Data excerpts

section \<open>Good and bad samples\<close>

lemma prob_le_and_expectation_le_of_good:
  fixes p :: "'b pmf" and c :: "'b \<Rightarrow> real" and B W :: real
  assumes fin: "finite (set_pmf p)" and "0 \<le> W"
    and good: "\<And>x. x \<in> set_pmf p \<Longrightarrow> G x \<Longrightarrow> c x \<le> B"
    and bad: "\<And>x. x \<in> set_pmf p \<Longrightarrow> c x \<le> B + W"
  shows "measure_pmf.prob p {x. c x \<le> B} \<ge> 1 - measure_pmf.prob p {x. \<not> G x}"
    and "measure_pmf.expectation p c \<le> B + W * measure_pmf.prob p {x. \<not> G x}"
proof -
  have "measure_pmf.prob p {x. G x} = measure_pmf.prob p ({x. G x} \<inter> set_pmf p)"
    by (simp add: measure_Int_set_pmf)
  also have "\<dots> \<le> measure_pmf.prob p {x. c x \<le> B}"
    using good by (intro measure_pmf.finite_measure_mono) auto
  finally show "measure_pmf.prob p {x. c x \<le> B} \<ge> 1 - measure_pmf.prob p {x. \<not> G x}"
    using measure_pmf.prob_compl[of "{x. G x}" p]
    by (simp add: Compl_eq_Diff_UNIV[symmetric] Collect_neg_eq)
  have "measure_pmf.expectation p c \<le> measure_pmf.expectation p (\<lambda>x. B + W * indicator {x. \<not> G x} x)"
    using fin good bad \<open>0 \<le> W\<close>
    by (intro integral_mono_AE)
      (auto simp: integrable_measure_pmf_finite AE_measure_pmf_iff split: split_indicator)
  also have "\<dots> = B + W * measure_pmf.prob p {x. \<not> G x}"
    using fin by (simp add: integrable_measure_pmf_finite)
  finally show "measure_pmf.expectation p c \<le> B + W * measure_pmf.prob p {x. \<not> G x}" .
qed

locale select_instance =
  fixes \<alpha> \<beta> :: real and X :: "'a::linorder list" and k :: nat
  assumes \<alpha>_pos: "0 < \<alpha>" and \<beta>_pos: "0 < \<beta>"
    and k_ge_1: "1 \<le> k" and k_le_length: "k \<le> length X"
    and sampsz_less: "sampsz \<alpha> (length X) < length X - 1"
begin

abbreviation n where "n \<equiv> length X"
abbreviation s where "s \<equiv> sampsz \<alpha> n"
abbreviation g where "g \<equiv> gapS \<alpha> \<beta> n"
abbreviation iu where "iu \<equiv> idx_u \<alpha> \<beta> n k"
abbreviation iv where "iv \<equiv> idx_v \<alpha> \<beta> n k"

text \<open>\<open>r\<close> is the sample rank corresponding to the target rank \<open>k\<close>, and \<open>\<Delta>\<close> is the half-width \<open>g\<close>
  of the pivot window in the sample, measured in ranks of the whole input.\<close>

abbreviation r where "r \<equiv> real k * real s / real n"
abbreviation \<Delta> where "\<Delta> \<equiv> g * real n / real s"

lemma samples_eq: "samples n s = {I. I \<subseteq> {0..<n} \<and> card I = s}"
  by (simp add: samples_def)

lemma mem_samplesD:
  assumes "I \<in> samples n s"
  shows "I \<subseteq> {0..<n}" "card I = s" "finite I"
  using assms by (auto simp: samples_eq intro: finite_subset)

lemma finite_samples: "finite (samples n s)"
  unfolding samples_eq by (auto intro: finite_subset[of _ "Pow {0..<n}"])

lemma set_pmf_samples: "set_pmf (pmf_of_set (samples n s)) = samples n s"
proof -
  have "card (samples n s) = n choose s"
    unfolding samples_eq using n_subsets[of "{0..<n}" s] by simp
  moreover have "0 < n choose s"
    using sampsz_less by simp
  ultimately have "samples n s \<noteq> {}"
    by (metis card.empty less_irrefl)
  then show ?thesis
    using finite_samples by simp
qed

_Your instructions_. Lines from the one that contains "abbreviation s where" through the final line of the entries must be duplicated exactly, and no other lines.

_Your response_.
abbreviation s where "s \<equiv> sampsz \<alpha> n"
abbreviation g where "g \<equiv> gapS \<alpha> \<beta> n"
abbreviation iu where "iu \<equiv> idx_u \<alpha> \<beta> n k"
abbreviation iv where "iv \<equiv> idx_v \<alpha> \<beta> n k"

text \<open>\<open>r\<close> is the sample rank corresponding to the target rank \<open>k\<close>, and \<open>\<Delta>\<close> is the half-width \<open>g\<close>
  of the pivot window in the sample, measured in ranks of the whole input.\<close>

abbreviation r where "r \<equiv> real k * real s / real n"
abbreviation \<Delta> where "\<Delta> \<equiv> g * real n / real s"

lemma samples_eq: "samples n s = {I. I \<subseteq> {0..<n} \<and> card I = s}"
  by (simp add: samples_def)

lemma mem_samplesD:
  assumes "I \<in> samples n s"
  shows "I \<subseteq> {0..<n}" "card I = s" "finite I"
  using assms by (auto simp: samples_eq intro: finite_subset)

lemma finite_samples: "finite (samples n s)"
  unfolding samples_eq by (auto intro: finite_subset[of _ "Pow {0..<n}"])

lemma set_pmf_samples: "set_pmf (pmf_of_set (samples n s)) = samples n s"
proof -
  have "card (samples n s) = n choose s"
    unfolding samples_eq using n_subsets[of "{0..<n}" s] by simp
  moreover have "0 < n choose s"
    using sampsz_less by simp
  ultimately have "samples n s \<noteq> {}"
    by (metis card.empty less_irrefl)
  then show ?thesis
    using finite_samples by simp
qed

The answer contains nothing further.